● **Action item**
Below is some data. Retype exactly the lines starting at the one with "set \<Rightarrow> ('a" and ending at the one with "define K where".

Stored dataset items
/---

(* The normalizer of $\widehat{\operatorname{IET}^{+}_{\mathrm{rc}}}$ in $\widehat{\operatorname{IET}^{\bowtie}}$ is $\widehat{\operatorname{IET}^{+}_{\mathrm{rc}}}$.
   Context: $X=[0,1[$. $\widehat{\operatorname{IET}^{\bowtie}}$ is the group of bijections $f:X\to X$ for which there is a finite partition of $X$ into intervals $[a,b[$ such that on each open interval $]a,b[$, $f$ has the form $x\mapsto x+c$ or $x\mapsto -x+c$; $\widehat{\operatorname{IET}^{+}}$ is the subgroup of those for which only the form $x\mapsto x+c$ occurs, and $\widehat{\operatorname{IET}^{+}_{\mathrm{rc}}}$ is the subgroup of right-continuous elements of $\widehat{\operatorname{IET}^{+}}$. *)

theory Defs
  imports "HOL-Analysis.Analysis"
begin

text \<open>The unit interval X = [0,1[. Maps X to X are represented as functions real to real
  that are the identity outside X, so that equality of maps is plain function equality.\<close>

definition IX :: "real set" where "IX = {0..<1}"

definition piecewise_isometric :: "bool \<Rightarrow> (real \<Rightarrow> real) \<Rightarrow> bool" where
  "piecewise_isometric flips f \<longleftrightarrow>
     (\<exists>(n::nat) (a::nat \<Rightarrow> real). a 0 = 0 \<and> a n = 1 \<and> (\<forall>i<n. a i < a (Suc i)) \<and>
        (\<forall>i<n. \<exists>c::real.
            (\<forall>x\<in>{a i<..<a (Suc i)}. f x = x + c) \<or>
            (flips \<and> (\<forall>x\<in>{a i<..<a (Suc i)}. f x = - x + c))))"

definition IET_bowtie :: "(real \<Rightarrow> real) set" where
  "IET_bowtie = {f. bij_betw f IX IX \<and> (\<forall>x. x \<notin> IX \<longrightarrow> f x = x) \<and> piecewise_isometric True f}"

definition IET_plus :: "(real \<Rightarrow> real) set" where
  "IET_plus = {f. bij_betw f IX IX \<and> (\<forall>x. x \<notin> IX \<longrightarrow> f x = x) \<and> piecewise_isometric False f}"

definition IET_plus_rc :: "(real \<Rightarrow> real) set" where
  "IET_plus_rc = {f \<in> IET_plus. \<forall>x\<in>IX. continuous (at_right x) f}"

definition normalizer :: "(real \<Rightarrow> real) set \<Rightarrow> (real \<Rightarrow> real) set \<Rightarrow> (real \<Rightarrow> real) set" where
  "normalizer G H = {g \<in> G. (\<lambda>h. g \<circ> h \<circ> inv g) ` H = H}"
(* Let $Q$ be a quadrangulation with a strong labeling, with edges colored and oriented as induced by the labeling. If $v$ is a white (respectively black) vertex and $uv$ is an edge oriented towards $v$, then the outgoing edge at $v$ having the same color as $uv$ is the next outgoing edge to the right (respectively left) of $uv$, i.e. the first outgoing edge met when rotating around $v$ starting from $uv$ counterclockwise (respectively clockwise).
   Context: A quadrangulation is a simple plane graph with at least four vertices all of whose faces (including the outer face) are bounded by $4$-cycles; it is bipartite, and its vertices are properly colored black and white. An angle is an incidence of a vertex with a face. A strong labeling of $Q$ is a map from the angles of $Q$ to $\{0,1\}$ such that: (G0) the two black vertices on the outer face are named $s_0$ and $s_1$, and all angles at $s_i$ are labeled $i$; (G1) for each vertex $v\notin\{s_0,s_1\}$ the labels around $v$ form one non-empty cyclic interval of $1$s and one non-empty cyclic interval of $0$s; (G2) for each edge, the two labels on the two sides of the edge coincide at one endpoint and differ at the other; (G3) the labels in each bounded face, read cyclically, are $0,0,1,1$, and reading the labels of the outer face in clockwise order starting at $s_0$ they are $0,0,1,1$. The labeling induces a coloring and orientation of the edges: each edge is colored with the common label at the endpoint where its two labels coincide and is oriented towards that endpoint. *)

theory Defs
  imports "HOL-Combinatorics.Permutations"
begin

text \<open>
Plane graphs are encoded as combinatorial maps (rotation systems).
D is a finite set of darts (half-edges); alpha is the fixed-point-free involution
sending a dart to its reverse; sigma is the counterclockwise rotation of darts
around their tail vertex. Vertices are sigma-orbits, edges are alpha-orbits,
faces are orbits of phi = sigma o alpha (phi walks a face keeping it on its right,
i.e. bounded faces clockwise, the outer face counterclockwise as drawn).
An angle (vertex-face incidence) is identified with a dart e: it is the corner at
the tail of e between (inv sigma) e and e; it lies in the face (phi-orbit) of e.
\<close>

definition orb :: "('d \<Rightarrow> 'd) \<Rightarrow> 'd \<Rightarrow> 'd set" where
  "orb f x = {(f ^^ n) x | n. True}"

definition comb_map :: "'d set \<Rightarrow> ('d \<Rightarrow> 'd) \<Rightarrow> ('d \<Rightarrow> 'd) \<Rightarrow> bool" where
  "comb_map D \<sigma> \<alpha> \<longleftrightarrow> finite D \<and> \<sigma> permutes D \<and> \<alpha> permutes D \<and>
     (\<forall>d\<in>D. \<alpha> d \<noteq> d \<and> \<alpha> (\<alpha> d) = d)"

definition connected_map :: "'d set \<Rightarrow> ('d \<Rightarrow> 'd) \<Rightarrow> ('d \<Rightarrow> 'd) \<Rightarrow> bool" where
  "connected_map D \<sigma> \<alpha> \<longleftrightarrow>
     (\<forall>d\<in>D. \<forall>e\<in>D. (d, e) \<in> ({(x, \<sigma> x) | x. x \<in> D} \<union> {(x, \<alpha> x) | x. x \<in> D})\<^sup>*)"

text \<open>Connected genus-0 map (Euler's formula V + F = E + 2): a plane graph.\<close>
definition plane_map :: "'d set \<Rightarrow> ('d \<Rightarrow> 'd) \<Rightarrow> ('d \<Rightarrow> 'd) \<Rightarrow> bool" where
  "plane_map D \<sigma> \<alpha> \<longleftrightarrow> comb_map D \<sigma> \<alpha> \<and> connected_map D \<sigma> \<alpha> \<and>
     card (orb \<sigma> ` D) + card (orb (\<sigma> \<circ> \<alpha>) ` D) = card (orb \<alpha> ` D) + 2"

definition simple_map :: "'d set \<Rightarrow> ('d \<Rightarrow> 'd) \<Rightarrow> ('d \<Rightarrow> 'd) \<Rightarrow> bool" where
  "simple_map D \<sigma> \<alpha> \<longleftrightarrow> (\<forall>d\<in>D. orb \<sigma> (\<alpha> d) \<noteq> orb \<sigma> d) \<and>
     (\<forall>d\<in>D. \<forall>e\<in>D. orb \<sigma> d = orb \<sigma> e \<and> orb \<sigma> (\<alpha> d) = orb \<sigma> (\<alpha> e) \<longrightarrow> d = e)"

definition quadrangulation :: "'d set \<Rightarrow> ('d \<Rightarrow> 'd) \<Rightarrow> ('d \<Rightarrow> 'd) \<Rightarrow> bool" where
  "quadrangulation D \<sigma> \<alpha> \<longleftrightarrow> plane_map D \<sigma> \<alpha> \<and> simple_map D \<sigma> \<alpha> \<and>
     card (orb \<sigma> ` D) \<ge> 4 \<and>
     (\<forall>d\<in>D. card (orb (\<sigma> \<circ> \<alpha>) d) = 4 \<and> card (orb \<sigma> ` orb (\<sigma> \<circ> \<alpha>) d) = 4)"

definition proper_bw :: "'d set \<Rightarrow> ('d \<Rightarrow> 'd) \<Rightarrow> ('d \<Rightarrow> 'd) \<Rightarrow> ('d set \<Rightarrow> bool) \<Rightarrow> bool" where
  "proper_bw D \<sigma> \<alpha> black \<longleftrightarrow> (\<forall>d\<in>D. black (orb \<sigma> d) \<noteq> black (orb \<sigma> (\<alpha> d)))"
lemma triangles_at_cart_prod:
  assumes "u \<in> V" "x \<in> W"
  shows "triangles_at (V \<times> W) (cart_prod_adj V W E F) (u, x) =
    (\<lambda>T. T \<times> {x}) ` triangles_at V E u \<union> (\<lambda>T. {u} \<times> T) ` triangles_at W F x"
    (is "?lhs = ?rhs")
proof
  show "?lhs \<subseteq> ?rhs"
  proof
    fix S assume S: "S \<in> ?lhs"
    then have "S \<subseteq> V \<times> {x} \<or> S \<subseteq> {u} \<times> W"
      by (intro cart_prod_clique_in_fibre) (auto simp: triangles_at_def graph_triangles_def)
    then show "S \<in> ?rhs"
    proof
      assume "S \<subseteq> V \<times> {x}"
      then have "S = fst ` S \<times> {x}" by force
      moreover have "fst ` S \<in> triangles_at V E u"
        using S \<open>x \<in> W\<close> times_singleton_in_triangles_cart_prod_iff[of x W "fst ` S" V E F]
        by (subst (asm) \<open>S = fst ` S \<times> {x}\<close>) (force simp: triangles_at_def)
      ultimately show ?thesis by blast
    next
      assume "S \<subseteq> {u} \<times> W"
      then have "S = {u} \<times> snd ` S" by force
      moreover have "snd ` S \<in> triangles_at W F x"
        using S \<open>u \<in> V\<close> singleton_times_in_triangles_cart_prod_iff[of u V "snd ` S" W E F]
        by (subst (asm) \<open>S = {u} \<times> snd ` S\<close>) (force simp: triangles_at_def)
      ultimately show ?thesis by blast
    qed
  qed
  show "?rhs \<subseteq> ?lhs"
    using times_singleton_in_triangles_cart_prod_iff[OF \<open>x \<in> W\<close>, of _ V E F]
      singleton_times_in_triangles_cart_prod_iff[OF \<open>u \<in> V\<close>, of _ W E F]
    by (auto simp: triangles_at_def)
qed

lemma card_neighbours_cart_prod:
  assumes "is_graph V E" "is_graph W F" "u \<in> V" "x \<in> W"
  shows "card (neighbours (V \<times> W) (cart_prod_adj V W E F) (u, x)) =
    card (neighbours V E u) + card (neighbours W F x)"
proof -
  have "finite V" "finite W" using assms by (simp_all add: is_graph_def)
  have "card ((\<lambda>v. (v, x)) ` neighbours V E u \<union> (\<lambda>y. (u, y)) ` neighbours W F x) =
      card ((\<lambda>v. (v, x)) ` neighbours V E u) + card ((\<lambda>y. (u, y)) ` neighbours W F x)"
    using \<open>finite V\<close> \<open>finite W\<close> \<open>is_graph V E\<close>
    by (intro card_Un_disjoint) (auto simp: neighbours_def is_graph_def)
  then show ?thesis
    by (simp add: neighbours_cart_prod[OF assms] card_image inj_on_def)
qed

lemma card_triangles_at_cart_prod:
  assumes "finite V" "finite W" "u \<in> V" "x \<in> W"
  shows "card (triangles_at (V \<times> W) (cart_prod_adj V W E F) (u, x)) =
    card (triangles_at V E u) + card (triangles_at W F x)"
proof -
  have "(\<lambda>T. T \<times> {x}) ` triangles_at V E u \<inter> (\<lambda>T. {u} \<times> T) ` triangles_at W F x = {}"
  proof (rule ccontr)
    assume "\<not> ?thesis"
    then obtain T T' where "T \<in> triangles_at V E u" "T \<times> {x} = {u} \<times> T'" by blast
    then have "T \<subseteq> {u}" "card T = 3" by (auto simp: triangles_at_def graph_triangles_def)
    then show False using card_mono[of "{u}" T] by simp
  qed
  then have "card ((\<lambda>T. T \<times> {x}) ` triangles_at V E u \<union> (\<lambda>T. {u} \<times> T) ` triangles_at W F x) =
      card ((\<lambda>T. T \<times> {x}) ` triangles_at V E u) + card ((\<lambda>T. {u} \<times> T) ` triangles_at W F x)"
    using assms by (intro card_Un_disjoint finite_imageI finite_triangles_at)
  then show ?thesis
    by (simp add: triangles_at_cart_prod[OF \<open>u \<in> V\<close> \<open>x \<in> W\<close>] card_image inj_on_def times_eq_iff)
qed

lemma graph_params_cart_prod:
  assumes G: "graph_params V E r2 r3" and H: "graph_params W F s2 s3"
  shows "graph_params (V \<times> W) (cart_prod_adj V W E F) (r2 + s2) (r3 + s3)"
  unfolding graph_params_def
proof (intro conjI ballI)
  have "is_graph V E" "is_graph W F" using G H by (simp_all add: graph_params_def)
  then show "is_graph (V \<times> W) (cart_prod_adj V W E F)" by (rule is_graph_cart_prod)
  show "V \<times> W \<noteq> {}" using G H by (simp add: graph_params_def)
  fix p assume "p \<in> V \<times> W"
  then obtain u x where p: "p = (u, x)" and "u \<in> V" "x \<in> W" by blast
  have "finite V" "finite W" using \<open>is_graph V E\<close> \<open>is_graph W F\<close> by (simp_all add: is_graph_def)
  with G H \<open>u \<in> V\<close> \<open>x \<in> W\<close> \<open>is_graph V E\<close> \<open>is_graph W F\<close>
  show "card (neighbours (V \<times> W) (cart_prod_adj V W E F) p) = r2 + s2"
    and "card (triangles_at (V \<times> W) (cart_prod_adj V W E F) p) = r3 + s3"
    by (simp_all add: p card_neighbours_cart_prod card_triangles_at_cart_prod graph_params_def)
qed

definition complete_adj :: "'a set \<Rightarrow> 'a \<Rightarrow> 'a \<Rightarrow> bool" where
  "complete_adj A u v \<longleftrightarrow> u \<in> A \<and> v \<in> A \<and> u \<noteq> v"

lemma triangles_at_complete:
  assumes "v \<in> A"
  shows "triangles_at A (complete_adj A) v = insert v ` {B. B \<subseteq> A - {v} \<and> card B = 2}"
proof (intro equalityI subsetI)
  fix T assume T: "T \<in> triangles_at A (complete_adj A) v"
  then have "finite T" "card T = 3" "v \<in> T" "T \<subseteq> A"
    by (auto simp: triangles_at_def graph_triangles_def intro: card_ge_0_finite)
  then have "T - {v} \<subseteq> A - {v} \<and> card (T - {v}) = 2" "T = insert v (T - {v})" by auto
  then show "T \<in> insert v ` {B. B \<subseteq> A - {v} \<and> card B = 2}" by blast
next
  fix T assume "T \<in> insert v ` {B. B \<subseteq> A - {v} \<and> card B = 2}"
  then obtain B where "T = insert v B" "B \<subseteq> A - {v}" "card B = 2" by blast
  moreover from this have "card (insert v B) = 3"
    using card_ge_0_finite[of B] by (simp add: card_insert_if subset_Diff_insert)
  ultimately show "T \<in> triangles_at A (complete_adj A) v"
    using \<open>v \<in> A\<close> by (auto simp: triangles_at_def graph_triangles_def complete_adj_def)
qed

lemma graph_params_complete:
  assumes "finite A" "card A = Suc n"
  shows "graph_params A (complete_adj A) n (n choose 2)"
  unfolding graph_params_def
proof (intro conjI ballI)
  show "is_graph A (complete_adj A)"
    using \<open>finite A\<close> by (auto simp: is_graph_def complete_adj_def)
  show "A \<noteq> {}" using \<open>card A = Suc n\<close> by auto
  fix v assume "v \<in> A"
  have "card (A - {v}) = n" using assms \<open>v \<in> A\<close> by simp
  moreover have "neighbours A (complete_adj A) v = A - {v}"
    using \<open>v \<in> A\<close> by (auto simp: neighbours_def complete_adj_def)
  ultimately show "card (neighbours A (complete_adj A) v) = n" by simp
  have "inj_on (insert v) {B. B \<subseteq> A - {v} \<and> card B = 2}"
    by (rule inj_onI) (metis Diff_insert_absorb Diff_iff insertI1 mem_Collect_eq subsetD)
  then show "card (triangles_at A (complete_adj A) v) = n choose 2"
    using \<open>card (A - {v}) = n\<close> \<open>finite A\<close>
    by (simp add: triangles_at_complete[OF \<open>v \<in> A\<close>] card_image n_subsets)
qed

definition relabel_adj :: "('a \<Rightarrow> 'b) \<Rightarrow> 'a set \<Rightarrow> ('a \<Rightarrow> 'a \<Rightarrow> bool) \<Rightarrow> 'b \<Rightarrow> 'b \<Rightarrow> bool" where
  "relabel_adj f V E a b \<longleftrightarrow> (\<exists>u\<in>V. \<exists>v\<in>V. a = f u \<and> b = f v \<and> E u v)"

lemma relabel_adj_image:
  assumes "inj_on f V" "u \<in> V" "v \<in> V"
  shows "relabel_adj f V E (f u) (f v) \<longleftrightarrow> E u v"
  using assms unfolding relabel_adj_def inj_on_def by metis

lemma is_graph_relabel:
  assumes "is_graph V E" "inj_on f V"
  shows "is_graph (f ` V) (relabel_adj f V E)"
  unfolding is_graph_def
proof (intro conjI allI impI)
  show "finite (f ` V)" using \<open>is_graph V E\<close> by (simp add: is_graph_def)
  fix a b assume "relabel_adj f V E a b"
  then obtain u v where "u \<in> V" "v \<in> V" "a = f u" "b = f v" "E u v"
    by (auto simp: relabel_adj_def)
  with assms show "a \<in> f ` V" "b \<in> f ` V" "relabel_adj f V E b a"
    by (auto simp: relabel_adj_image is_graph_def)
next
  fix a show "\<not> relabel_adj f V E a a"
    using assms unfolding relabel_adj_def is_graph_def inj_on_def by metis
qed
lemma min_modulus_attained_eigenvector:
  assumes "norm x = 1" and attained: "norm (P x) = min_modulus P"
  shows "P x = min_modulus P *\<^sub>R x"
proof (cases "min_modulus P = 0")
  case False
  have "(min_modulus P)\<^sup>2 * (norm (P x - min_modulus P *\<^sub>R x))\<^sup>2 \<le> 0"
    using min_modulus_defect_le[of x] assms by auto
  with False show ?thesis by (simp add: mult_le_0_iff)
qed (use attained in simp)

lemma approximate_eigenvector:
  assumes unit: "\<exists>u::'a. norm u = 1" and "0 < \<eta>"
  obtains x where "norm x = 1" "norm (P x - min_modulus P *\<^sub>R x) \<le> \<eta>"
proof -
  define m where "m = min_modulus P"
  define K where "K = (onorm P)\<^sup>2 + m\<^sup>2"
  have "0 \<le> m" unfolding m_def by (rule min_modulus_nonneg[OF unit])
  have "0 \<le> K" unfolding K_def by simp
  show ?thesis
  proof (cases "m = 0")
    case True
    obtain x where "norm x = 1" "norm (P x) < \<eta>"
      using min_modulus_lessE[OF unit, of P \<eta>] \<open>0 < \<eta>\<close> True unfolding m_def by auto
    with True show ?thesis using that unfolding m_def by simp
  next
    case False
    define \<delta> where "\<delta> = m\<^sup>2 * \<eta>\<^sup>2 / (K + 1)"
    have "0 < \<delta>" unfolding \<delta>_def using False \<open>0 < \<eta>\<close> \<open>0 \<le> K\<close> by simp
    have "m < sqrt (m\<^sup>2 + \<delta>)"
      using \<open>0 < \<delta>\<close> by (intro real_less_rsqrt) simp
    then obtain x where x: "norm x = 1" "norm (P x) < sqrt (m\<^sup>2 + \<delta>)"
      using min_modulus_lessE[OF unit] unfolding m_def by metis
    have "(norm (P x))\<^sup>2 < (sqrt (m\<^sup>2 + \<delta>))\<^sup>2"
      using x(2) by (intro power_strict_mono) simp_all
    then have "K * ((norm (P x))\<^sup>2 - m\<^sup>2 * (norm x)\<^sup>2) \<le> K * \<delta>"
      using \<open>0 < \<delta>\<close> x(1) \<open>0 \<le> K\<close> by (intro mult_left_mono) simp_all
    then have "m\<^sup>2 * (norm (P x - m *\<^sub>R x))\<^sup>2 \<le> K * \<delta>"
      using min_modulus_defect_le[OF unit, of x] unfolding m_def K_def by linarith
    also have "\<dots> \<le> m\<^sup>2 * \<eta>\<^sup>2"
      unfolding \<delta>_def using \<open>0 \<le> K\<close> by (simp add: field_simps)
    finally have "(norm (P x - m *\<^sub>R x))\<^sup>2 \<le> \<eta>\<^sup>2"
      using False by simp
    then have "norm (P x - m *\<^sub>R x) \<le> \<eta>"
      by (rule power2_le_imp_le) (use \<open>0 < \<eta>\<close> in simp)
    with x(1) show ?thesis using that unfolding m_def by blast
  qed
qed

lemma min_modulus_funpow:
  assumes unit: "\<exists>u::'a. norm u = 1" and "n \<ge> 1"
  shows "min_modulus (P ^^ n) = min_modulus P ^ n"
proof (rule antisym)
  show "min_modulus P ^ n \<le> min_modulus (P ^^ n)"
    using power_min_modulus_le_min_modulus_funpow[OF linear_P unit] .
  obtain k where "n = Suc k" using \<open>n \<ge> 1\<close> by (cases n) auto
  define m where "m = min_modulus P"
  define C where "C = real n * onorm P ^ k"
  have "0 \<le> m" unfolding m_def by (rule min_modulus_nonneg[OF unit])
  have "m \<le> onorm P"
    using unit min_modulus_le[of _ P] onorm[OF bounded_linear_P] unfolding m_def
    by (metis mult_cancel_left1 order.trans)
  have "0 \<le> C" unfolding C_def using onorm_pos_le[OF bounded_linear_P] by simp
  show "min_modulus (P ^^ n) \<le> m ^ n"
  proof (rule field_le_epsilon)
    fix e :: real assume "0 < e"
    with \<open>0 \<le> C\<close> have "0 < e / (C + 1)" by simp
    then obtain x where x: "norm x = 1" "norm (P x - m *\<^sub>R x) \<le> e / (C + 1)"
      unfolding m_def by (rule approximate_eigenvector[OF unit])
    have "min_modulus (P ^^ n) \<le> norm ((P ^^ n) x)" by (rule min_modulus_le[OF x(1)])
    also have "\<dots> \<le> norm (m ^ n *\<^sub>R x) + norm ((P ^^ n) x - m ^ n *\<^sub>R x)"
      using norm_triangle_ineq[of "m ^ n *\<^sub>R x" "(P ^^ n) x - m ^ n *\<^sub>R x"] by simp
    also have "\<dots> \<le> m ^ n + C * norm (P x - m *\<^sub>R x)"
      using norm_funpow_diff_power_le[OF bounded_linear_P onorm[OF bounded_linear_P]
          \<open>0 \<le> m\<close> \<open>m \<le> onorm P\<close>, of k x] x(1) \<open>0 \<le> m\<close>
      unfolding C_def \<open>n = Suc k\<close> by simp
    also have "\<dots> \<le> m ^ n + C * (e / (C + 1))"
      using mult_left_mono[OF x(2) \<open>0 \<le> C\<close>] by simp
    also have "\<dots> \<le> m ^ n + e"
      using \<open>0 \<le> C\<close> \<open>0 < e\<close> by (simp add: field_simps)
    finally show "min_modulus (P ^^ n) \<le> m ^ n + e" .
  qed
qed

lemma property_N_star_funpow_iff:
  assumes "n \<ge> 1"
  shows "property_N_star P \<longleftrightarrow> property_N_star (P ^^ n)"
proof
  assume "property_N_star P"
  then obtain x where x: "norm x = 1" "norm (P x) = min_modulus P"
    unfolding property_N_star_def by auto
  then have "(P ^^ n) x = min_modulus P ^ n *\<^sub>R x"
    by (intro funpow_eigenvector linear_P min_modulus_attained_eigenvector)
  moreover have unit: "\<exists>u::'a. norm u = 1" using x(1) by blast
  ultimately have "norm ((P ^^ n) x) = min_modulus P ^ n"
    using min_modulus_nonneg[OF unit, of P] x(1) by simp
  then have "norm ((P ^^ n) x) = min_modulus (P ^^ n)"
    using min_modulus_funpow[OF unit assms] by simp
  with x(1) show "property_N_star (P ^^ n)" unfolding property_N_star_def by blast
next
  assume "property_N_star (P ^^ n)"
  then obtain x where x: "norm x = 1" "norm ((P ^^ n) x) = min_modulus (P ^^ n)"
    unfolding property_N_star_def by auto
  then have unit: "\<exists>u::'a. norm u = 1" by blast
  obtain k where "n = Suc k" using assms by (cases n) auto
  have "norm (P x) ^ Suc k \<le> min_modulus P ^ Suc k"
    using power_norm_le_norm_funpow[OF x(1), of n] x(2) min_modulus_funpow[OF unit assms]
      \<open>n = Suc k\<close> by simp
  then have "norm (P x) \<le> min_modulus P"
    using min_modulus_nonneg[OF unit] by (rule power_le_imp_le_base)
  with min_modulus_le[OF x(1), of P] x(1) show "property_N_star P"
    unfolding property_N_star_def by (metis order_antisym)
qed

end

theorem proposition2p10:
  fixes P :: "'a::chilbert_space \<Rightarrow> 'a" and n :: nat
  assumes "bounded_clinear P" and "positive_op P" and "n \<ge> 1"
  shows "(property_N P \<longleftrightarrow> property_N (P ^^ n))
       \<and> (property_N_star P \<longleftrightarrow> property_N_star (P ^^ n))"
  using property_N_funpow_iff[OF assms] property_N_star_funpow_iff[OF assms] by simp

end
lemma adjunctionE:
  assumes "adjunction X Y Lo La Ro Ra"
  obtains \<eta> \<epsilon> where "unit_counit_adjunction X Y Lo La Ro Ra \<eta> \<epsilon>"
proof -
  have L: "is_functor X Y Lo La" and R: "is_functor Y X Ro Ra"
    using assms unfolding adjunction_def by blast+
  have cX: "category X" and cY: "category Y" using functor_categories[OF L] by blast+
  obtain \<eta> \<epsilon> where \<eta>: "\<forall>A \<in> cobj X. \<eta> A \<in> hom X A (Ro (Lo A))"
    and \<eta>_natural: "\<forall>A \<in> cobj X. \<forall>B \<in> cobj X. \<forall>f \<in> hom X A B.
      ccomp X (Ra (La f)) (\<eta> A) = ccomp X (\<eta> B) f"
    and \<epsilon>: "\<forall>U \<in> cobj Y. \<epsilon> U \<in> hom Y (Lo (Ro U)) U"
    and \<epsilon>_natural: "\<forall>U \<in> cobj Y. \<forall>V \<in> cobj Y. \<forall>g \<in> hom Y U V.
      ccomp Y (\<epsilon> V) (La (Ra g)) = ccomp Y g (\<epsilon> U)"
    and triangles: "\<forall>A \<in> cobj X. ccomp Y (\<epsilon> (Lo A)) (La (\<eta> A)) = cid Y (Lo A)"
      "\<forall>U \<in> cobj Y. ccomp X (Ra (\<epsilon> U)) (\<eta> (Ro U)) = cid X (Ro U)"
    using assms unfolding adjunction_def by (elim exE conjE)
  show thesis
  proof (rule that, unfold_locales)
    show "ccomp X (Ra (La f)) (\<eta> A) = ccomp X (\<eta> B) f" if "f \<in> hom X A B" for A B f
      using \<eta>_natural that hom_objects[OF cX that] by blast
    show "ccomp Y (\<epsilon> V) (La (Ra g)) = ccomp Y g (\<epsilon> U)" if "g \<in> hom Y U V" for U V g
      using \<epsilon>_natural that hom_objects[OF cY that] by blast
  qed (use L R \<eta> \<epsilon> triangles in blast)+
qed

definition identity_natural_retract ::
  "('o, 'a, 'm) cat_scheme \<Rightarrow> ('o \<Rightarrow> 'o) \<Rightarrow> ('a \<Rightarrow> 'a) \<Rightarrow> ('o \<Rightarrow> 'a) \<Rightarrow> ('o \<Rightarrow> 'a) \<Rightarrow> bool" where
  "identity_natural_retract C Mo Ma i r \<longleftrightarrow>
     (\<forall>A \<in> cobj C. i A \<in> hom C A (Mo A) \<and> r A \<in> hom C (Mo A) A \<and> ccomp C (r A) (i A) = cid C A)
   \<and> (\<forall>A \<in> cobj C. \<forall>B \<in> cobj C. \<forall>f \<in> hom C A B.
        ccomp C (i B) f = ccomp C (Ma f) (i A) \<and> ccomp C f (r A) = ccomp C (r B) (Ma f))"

\---

● **Response to this exercise**
definition relabel_adj :: "('a \<Rightarrow> 'b) \<Rightarrow> 'a set \<Rightarrow> ('a \<Rightarrow> 'a \<Rightarrow> bool) \<Rightarrow> 'b \<Rightarrow> 'b \<Rightarrow> bool" where
  "relabel_adj f V E a b \<longleftrightarrow> (\<exists>u\<in>V. \<exists>v\<in>V. a = f u \<and> b = f v \<and> E u v)"

lemma relabel_adj_image:
  assumes "inj_on f V" "u \<in> V" "v \<in> V"
  shows "relabel_adj f V E (f u) (f v) \<longleftrightarrow> E u v"
  using assms unfolding relabel_adj_def inj_on_def by metis

lemma is_graph_relabel:
  assumes "is_graph V E" "inj_on f V"
  shows "is_graph (f ` V) (relabel_adj f V E)"
  unfolding is_graph_def
proof (intro conjI allI impI)
  show "finite (f ` V)" using \<open>is_graph V E\<close> by (simp add: is_graph_def)
  fix a b assume "relabel_adj f V E a b"
  then obtain u v where "u \<in> V" "v \<in> V" "a = f u" "b = f v" "E u v"
    by (auto simp: relabel_adj_def)
  with assms show "a \<in> f ` V" "b \<in> f ` V" "relabel_adj f V E b a"
    by (auto simp: relabel_adj_image is_graph_def)
next
  fix a show "\<not> relabel_adj f V E a a"
    using assms unfolding relabel_adj_def is_graph_def inj_on_def by metis
qed
lemma min_modulus_attained_eigenvector:
  assumes "norm x = 1" and attained: "norm (P x) = min_modulus P"
  shows "P x = min_modulus P *\<^sub>R x"
proof (cases "min_modulus P = 0")
  case False
  have "(min_modulus P)\<^sup>2 * (norm (P x - min_modulus P *\<^sub>R x))\<^sup>2 \<le> 0"
    using min_modulus_defect_le[of x] assms by auto
  with False show ?thesis by (simp add: mult_le_0_iff)
qed (use attained in simp)

lemma approximate_eigenvector:
  assumes unit: "\<exists>u::'a. norm u = 1" and "0 < \<eta>"
  obtains x where "norm x = 1" "norm (P x - min_modulus P *\<^sub>R x) \<le> \<eta>"
proof -
  define m where "m = min_modulus P"
  define K where "K = (onorm P)\<^sup>2 + m\<^sup>2"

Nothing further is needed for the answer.